[Collected data entries]
=== Begin Enclosure ===

(* Let $(Y,S,\gamma)$ be a machine with $Y,S$ finite sets such that $\gamma(y'\mid y,s)>0$ for all $y,y'\in Y$ and $s\in S$. Then for every finite set $H$ and every consistent Bayesian filtering interpretation $(H,\psi_H,\kappa)$ of $\gamma$, the interpretation map is constant: $\psi_H(\cdot\mid y)=\psi_H(\cdot\mid y')$ for all $y,y'\in Y$.
   Context: For finite sets, a Markov kernel $k\colon X\to P(Z)$ is given by numbers $k(z\mid x)\ge0$ with $\sum_z k(z\mid x)=1$. A machine $(Y,S,\gamma)$ consists of a state set $Y$, an input set $S$ and a Markov kernel $\gamma\colon Y\times S\to P(Y)$. Given $\psi_H\colon Y\to P(H)$ and $\kappa\colon H\to P(H\times S)$, define $\psi_{S,H'}(h,s\mid y)=\sum_{h_0\in H}\psi_H(h_0\mid y)\,\kappa(h,s\mid h_0)$ and $\psi_S(s\mid y)=\sum_{h\in H}\psi_{S,H'}(h,s\mid y)$. The triple $(H,\psi_H,\kappa)$ is a consistent Bayesian filtering interpretation of $\gamma$ if for all $y,y'\in Y$, $s\in S$, $h\in H$: $$\psi_{S,H'}(h,s\mid y)\,\gamma(y'\mid y,s)=\psi_S(s\mid y)\,\gamma(y'\mid y,s)\,\psi_H(h\mid y').$$ *)

theory Defs
  imports Complex_Main
begin

text \<open>A Markov kernel k : X -> P(Z) between finite sets, written k x z = k(z | x).\<close>
definition markov_kernel :: "('x \<Rightarrow> 'z::finite \<Rightarrow> real) \<Rightarrow> bool" where
  "markov_kernel k \<longleftrightarrow> (\<forall>x z. 0 \<le> k x z) \<and> (\<forall>x. (\<Sum>z\<in>UNIV. k x z) = 1)"

definition psi_SH :: "('y \<Rightarrow> 'h::finite \<Rightarrow> real) \<Rightarrow> ('h \<Rightarrow> 'h \<times> 's \<Rightarrow> real) \<Rightarrow> 'y \<Rightarrow> 'h \<Rightarrow> 's \<Rightarrow> real" where
  "psi_SH psiH kappa y h s = (\<Sum>h0\<in>UNIV. psiH y h0 * kappa h0 (h, s))"

definition psi_S :: "('y \<Rightarrow> 'h::finite \<Rightarrow> real) \<Rightarrow> ('h \<Rightarrow> 'h \<times> 's \<Rightarrow> real) \<Rightarrow> 'y \<Rightarrow> 's \<Rightarrow> real" where
  "psi_S psiH kappa y s = (\<Sum>h\<in>UNIV. psi_SH psiH kappa y h s)"

definition consistent_bayes_filter ::
  "('y::finite \<times> 's::finite \<Rightarrow> 'y \<Rightarrow> real) \<Rightarrow> ('y \<Rightarrow> 'h::finite \<Rightarrow> real) \<Rightarrow> ('h \<Rightarrow> 'h \<times> 's \<Rightarrow> real) \<Rightarrow> bool" where
  "consistent_bayes_filter gamma psiH kappa \<longleftrightarrow>
     markov_kernel psiH \<and> markov_kernel kappa \<and>
     (\<forall>y y' s h. psi_SH psiH kappa y h s * gamma (y, s) y'
                 = psi_S psiH kappa y s * gamma (y, s) y' * psiH y' h)"

end

theory Submission
  imports Defs
begin

text \<open>Dividing the consistency equation by \<open>\<gamma>(y'|y,s) > 0\<close> gives
  \<open>\<psi>\<^sub>S\<^sub>,\<^sub>H\<^sub>'(h,s|y) = \<psi>\<^sub>S(s|y) \<psi>\<^sub>H(h|y')\<close>; summing over \<open>s\<close> and using that \<open>\<psi>\<^sub>S(\<cdot>|y)\<close> is a
  probability distribution yields \<open>\<psi>\<^sub>H(h|y') = \<Sum>\<^sub>s \<psi>\<^sub>S\<^sub>,\<^sub>H\<^sub>'(h,s|y)\<close>, whose right-hand side does
  not depend on \<open>y'\<close>.\<close>

lemma sum_psi_S_eq_1:
  fixes psiH :: "'y \<Rightarrow> 'h::finite \<Rightarrow> real" and kappa :: "'h \<Rightarrow> 'h \<times> 's::finite \<Rightarrow> real"
  assumes "markov_kernel psiH" "markov_kernel kappa"
  shows "(\<Sum>s\<in>UNIV. psi_S psiH kappa y s) = 1"
proof -
  have kappa_total: "(\<Sum>s\<in>UNIV. \<Sum>h\<in>UNIV. kappa h0 (h, s)) = 1" for h0
  proof -
    have "(\<Sum>s\<in>UNIV. \<Sum>h\<in>UNIV. kappa h0 (h, s)) = (\<Sum>p\<in>UNIV. kappa h0 p)"
      by (subst sum.swap)
        (simp add: sum.cartesian_product UNIV_Times_UNIV[symmetric] del: UNIV_Times_UNIV)
    also have "\<dots> = 1"
      using assms(2) by (simp add: markov_kernel_def)
    finally show ?thesis .
  qed
  have "(\<Sum>s\<in>UNIV. psi_S psiH kappa y s)
      = (\<Sum>h0\<in>UNIV. psiH y h0 * (\<Sum>s\<in>UNIV. \<Sum>h\<in>UNIV. kappa h0 (h, s)))"
    unfolding psi_S_def psi_SH_def sum_distrib_left
    by (subst sum.swap, subst (2) sum.swap, rule refl)
  also have "\<dots> = (\<Sum>h0\<in>UNIV. psiH y h0)"
    by (simp add: kappa_total)
  also have "\<dots> = 1"
    using assms(1) by (simp add: markov_kernel_def)
  finally show ?thesis .
qed

lemma consistent_bayes_filter_factorizes:
  assumes "consistent_bayes_filter gamma psiH kappa" and "gamma (y, s) y' \<noteq> 0"
  shows "psi_SH psiH kappa y h s = psi_S psiH kappa y s * psiH y' h"
proof -
  have "psi_SH psiH kappa y h s * gamma (y, s) y'
      = (psi_S psiH kappa y s * psiH y' h) * gamma (y, s) y'"
    using assms(1) unfolding consistent_bayes_filter_def by (metis mult.commute mult.assoc)
  then show ?thesis
    using assms(2) by simp
qed

lemma consistent_bayes_filter_psiH_eq_marginal:
  assumes "consistent_bayes_filter gamma psiH kappa" and "\<And>s. gamma (y, s) y' \<noteq> 0"
  shows "psiH y' h = (\<Sum>s\<in>UNIV. psi_SH psiH kappa y h s)"
proof -
  have "(\<Sum>s\<in>UNIV. psi_SH psiH kappa y h s) = (\<Sum>s\<in>UNIV. psi_S psiH kappa y s) * psiH y' h"
    using consistent_bayes_filter_factorizes[OF assms(1) assms(2)]
    by (simp add: sum_distrib_right)
  also have "\<dots> = psiH y' h"
    using assms(1) sum_psi_S_eq_1 unfolding consistent_bayes_filter_def by (metis mult_1)
  finally show ?thesis by simp
qed

theorem mainTheorem4:
  fixes gamma :: "'y::finite \<times> 's::finite \<Rightarrow> 'y \<Rightarrow> real"
    and psiH :: "'y \<Rightarrow> 'h::finite \<Rightarrow> real"
    and kappa :: "'h \<Rightarrow> 'h \<times> 's \<Rightarrow> real"
  assumes machine: "markov_kernel gamma"
    and pos: "\<And>y y' s. gamma (y, s) y' > 0"
    and interp: "consistent_bayes_filter gamma psiH kappa"
  shows "\<forall>y y'. psiH y = psiH y'"
proof (intro allI ext)
  fix y y' h
  have "\<And>z s. gamma (y, s) z \<noteq> 0"
    using pos by (metis less_irrefl)
  then show "psiH y h = psiH y' h"
    using consistent_bayes_filter_psiH_eq_marginal[OF interp] by metis
qed

end
(* Let $H$ be a multigraph with even order $p \geq 4$. Suppose $d \geq 2$, and that except for one vertex $s$ for which $\deg(s) \leq d$, each vertex of $H$ has degree $d$ or $d+1$, with at most $d$ vertices having degree $d+1$, and at least one vertex other than $s$ having degree $d$. Suppose that $\mathrm{ex}(H-s, d) < p/4$, and that $H - s$ is $d$-slack-dominant. Then: if $\deg(s) > 0$, then $H$ has a perfect matching; and if $\deg(s) = 0$, then there is a vertex $v$ of $H$ with degree $d$ such that $H - s - v$ has a perfect matching.
   Context: Multigraphs may have parallel edges; $n(K)$ and $e(K)$ denote the order and size of a multigraph $K$, and subgraphs on a vertex set are taken to be induced subgraphs. For an integer $k$ and a nontrivial (more than one vertex) odd-order multigraph $K$, the $k$-excess of $K$ is $\mathrm{ex}(K,k) = e(K) - \lfloor k(n(K)-1)/2 \rfloor$ and the $k$-slack of $K$ is $\mathrm{sl}(K,k) = (k+1)\lfloor (n(K)-1)/2 \rfloor - e(K)$. In the setting where all vertices of $H$ have degree $d$ or $d+1$ except possibly one vertex $s$ with $\deg(s) \le d$, $H - s$ is called $d$-slack dominant if $\mathrm{sl}(H-s, d) < \mathrm{sl}(R, d)$ for every odd-order, nontrivial proper induced subgraph $R$ of $H - s$ whose coboundary (the set of edges of $H$ with exactly one end in $R$) has cardinality at most $d$. *)

theory Defs
  imports Main
begin

text \<open>A finite loopless multigraph on vertex set V, given by an edge-multiplicity
function m: m u v is the number of parallel edges between u and v.\<close>
definition multigraph :: "'a set \<Rightarrow> ('a \<Rightarrow> 'a \<Rightarrow> nat) \<Rightarrow> bool" where
  "multigraph V m \<longleftrightarrow> finite V \<and> (\<forall>u v. m u v = m v u) \<and> (\<forall>u. m u u = 0)
     \<and> (\<forall>u v. m u v \<noteq> 0 \<longrightarrow> u \<in> V \<and> v \<in> V)"

definition deg :: "'a set \<Rightarrow> ('a \<Rightarrow> 'a \<Rightarrow> nat) \<Rightarrow> 'a \<Rightarrow> nat" where
  "deg V m v = (\<Sum>u\<in>V. m v u)"

definition esize :: "('a \<Rightarrow> 'a \<Rightarrow> nat) \<Rightarrow> 'a set \<Rightarrow> nat" where
  "esize m S = (\<Sum>u\<in>S. \<Sum>v\<in>S. m u v) div 2"

definition cobound :: "'a set \<Rightarrow> ('a \<Rightarrow> 'a \<Rightarrow> nat) \<Rightarrow> 'a set \<Rightarrow> nat" where
  "cobound V m S = (\<Sum>u\<in>S. \<Sum>v\<in>V - S. m u v)"

definition excess :: "('a \<Rightarrow> 'a \<Rightarrow> nat) \<Rightarrow> 'a set \<Rightarrow> int \<Rightarrow> int" where
  "excess m S k = int (esize m S) - (k * (int (card S) - 1)) div 2"

definition slack :: "('a \<Rightarrow> 'a \<Rightarrow> nat) \<Rightarrow> 'a set \<Rightarrow> int \<Rightarrow> int" where
  "slack m S k = (k + 1) * ((int (card S) - 1) div 2) - int (esize m S)"

definition slack_dominant :: "'a set \<Rightarrow> ('a \<Rightarrow> 'a \<Rightarrow> nat) \<Rightarrow> 'a \<Rightarrow> nat \<Rightarrow> bool" where
  "slack_dominant V m s d \<longleftrightarrow>
     (\<forall>R. R \<subset> V - {s} \<and> odd (card R) \<and> card R > 1 \<and> cobound V m R \<le> d
        \<longrightarrow> slack m (V - {s}) (int d) < slack m R (int d))"

definition has_perfect_matching :: "('a \<Rightarrow> 'a \<Rightarrow> nat) \<Rightarrow> 'a set \<Rightarrow> bool" where
  "has_perfect_matching m W \<longleftrightarrow>
     (\<exists>M. (\<forall>e\<in>M. \<exists>u v. e = {u, v} \<and> u \<noteq> v \<and> u \<in> W \<and> v \<in> W \<and> m u v > 0)
        \<and> (\<forall>e\<in>M. \<forall>e'\<in>M. e \<noteq> e' \<longrightarrow> e \<inter> e' = {})
        \<and> \<Union>M = W)"

end

theory Submission
  imports Defs
begin

text \<open>By Tutte's theorem, which follows from Hall's theorem, it suffices to exclude a barrier: a
  set \<open>S\<close> whose removal leaves at least \<open>card S + 2\<close> odd pieces. Every edge leaving a piece
  ends in \<open>S\<close>, so the pieces have total coboundary at most \<open>d * card S + card (S \<inter> high)\<close>.
  A piece avoiding \<open>s\<close> has coboundary at least \<open>d\<close>, and more unless it is a singleton of
  degree \<open>d\<close>, except when it is deficient (odd, not a singleton, coboundary at most \<open>d\<close>).
  Slack dominance applies to deficient pieces and, with the excess bound, shows that each of
  them contains more than half of the vertices; so there is at most one, and counting leaves
  no room for the barrier. If \<open>s\<close> is isolated, join it to all vertices of degree \<open>d\<close>: a
  perfect matching of the new graph matches \<open>s\<close> to such a vertex, while a barrier of it would
  consist of pieces of high-degree vertices only, which the same counting excludes.\<close>

definition Hall_condition :: "'i set \<Rightarrow> ('i \<Rightarrow> 'a set) \<Rightarrow> bool" where
  "Hall_condition I A \<longleftrightarrow> (\<forall>K\<subseteq>I. card K \<le> card (\<Union>(A ` K)))"

lemma Hall_condition_remove:
  assumes hall: "Hall_condition I A" and fin: "finite I" "\<forall>i\<in>I. finite (A i)"
    and surplus: "\<And>K. K \<subseteq> I \<Longrightarrow> K \<noteq> {} \<Longrightarrow> K \<noteq> I \<Longrightarrow> card K < card (\<Union>(A ` K))"
    and i: "i \<in> I"
  shows "Hall_condition (I - {i}) (\<lambda>j. A j - {x})"
  unfolding Hall_condition_def
proof (intro allI impI)
  fix K assume K: "K \<subseteq> I - {i}"
  show "card K \<le> card (\<Union>j\<in>K. A j - {x})"
  proof (cases "K = {}")
    case False
    then have "card K < card (\<Union>(A ` K))" using surplus K i by blast
    then have "card K \<le> card (\<Union>(A ` K)) - 1" by linarith
    also have "\<dots> \<le> card (\<Union>(A ` K) - {x})"
      using diff_card_le_card_Diff[of "{x}" "\<Union>(A ` K)"] by simp
    also have "\<Union>(A ` K) - {x} = (\<Union>j\<in>K. A j - {x})" by blast
    finally show ?thesis .
  qed simp
qed

lemma Hall_condition_tight:
  assumes hall: "Hall_condition I A" and fin: "finite I" "\<forall>i\<in>I. finite (A i)"
    and K: "K \<subseteq> I" "card (\<Union>(A ` K)) = card K"
  shows "Hall_condition K A" "Hall_condition (I - K) (\<lambda>j. A j - \<Union>(A ` K))"
proof -
  show "Hall_condition K A" using hall K(1) unfolding Hall_condition_def by blast
  have fK: "finite K" using K(1) fin(1) by (rule finite_subset)
  then have fUK: "finite (\<Union>(A ` K))" using K(1) fin(2) by blast
  show "Hall_condition (I - K) (\<lambda>j. A j - \<Union>(A ` K))"
    unfolding Hall_condition_def
  proof (intro allI impI)
    fix L assume L: "L \<subseteq> I - K"
    have "card (L \<union> K) = card L + card K"
      using L fK finite_subset[OF L] fin by (subst card_Un_disjoint) auto
    then have "card L + card K \<le> card (\<Union>(A ` (L \<union> K)))"
      using hall L K(1) unfolding Hall_condition_def by (metis Diff_subset le_supI subset_trans)
    moreover have "(\<Union>j\<in>L. A j - \<Union>(A ` K)) = \<Union>(A ` (L \<union> K)) - \<Union>(A ` K)" by blast
    moreover have "card (\<Union>(A ` (L \<union> K)) - \<Union>(A ` K)) = card (\<Union>(A ` (L \<union> K))) - card (\<Union>(A ` K))"
      by (rule card_Diff_subset) (use fUK in auto)
    ultimately show "card L \<le> card (\<Union>j\<in>L. A j - \<Union>(A ` K))" using K(2) by simp
  qed
qed

lemma inj_on_glue:
  assumes "inj_on f K" "inj_on g (I - K)" "f ` K \<inter> g ` (I - K) = {}" "K \<subseteq> I"
  shows "inj_on (\<lambda>j. if j \<in> K then f j else g j) I"
proof -
  let ?h = "\<lambda>j. if j \<in> K then f j else g j"
  have "inj_on ?h K" "inj_on ?h (I - K)"
    using assms(1,2) inj_on_cong[of K ?h f] inj_on_cong[of "I - K" ?h g] by simp_all
  moreover have "?h ` K \<inter> ?h ` (I - K) = {}" using assms(3) by auto
  moreover have "K - (I - K) = K" "I - K - K = I - K" "K \<union> (I - K) = I" using assms(4) by blast+
  ultimately show ?thesis using inj_on_Un[of ?h K "I - K"] by simp
qed

text \<open>Either every proper subfamily has a surplus, so any choice for one index can be made, or
  some proper subfamily is tight and the problem splits.\<close>
theorem Hall_marriage:
  assumes "finite I" "\<forall>i\<in>I. finite (A i)" "Hall_condition I A"
  shows "\<exists>f. inj_on f I \<and> (\<forall>i\<in>I. f i \<in> A i)"
  using assms
proof (induction "card I" arbitrary: I A rule: less_induct)
  case less
  note fin = less.prems(1,2) and hall = less.prems(3)
  show ?case
  proof (cases "\<exists>K. K \<subseteq> I \<and> K \<noteq> {} \<and> K \<noteq> I \<and> card (\<Union>(A ` K)) \<le> card K")
    case False
    show ?thesis
    proof (cases "I = {}")
      case nonempty: False
      then obtain i where i: "i \<in> I" by blast
      have "card {i} \<le> card (\<Union>(A ` {i}))" using hall i unfolding Hall_condition_def by blast
      then obtain x where x: "x \<in> A i" by fastforce
      have "\<exists>f. inj_on f (I - {i}) \<and> (\<forall>j\<in>I - {i}. f j \<in> A j - {x})"
        using False fin i by (intro less.hyps card_Diff1_less Hall_condition_remove[OF hall])
          (auto simp: not_le)
      then obtain f where "inj_on f (I - {i})" "\<forall>j\<in>I - {i}. f j \<in> A j - {x}" by blast
      then show ?thesis using x i by (intro exI[of _ "f(i := x)"]) (auto simp: inj_on_def)
    qed simp
  next
    case True
    then obtain K where K: "K \<subseteq> I" "K \<noteq> {}" "K \<noteq> I" "card (\<Union>(A ` K)) \<le> card K" by blast
    have tight: "card (\<Union>(A ` K)) = card K" using K(1,4) hall unfolding Hall_condition_def
      by (simp add: le_antisym)
    note split = Hall_condition_tight[OF hall fin K(1) tight]
    have cK: "card K < card I" using K fin(1) by (meson psubsetI psubset_card_mono)
    have cIK: "card (I - K) < card I"
      using card_Diff_subset[OF finite_subset[OF K(1) fin(1)] K(1)] card_mono[OF fin(1) K(1)] K(2)
        card_gt_0_iff[of K] finite_subset[OF K(1) fin(1)] by linarith
    obtain f1 where f1: "inj_on f1 K" "\<forall>j\<in>K. f1 j \<in> A j"
      using less.hyps[OF cK _ _ split(1)] K(1) fin finite_subset by blast
    obtain f2 where f2: "inj_on f2 (I - K)" "\<forall>j\<in>I - K. f2 j \<in> A j - \<Union>(A ` K)"
      using less.hyps[OF cIK _ _ split(2)] fin by blast
    have "f1 ` K \<inter> f2 ` (I - K) = {}" using f1(2) f2(2) by fastforce
    then show ?thesis using inj_on_glue[OF f1(1) f2(1) _ K(1)] f1(2) f2(2)
      by (intro exI[of _ "\<lambda>j. if j \<in> K then f1 j else f2 j"]) auto
  qed
qed

definition perfect_matching_map :: "('a \<Rightarrow> 'a \<Rightarrow> nat) \<Rightarrow> 'a set \<Rightarrow> ('a \<Rightarrow> 'a) \<Rightarrow> bool" where
  "perfect_matching_map m W \<mu> \<longleftrightarrow> (\<forall>x\<in>W. \<mu> x \<in> W \<and> \<mu> x \<noteq> x \<and> \<mu> (\<mu> x) = x \<and> 0 < m x (\<mu> x))"

lemma has_perfect_matching_if_map:
  assumes "perfect_matching_map m W \<mu>"
  shows "has_perfect_matching m W"
  unfolding has_perfect_matching_def
proof (intro exI[of _ "{{x, \<mu> x} | x. x \<in> W}"] conjI ballI impI)
  have \<mu>: "\<mu> x \<in> W" "\<mu> x \<noteq> x" "\<mu> (\<mu> x) = x" "0 < m x (\<mu> x)" if "x \<in> W" for x
    using assms that unfolding perfect_matching_map_def by auto
  let ?M = "{{x, \<mu> x} | x. x \<in> W}"
  show "\<Union>?M = W" using \<mu>(1) by blast
  fix e assume "e \<in> ?M"
  then obtain x where x: "x \<in> W" "e = {x, \<mu> x}" by blast
  then show "\<exists>u v. e = {u, v} \<and> u \<noteq> v \<and> u \<in> W \<and> v \<in> W \<and> 0 < m u v"
    using \<mu>[OF x(1)] by (intro exI[of _ x] exI[of _ "\<mu> x"]) simp
  fix e' assume "e' \<in> ?M" "e \<noteq> e'"
  then obtain y where y: "y \<in> W" "e' = {y, \<mu> y}" by blast
  show "e \<inter> e' = {}"
  proof (rule ccontr)
    assume "e \<inter> e' \<noteq> {}"
    then have "x = y \<or> x = \<mu> y \<or> \<mu> x = y \<or> \<mu> x = \<mu> y" using x(2) y(2) by blast
    then have "x = y \<or> (x = \<mu> y \<and> y = \<mu> x)" using \<mu>(3)[OF x(1)] \<mu>(3)[OF y(1)] by metis
    then have "e = e'" using x(2) y(2) by auto
    with \<open>e \<noteq> e'\<close> show False ..
  qed
qed

definition isolated_in :: "('a \<Rightarrow> 'a \<Rightarrow> nat) \<Rightarrow> 'a set \<Rightarrow> 'a set \<Rightarrow> bool" where
  "isolated_in m X C \<longleftrightarrow> (\<forall>u\<in>C. \<forall>v\<in>X - C. m u v = 0)"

=== End Enclosure ===

Aim of the task: Going back over the entries above, copy word for word every line from the one that has "ultimately show ?thesis" on through the one that has "I \<and> (\<forall>i\<in>I.".

Completed task:
  ultimately show ?thesis using inj_on_Un[of ?h K "I - K"] by simp
qed

text \<open>Either every proper subfamily has a surplus, so any choice for one index can be made, or
  some proper subfamily is tight and the problem splits.\<close>
theorem Hall_marriage:
  assumes "finite I" "\<forall>i\<in>I. finite (A i)" "Hall_condition I A"
  shows "\<exists>f. inj_on f I \<and> (\<forall>i\<in>I. f i \<in> A i)"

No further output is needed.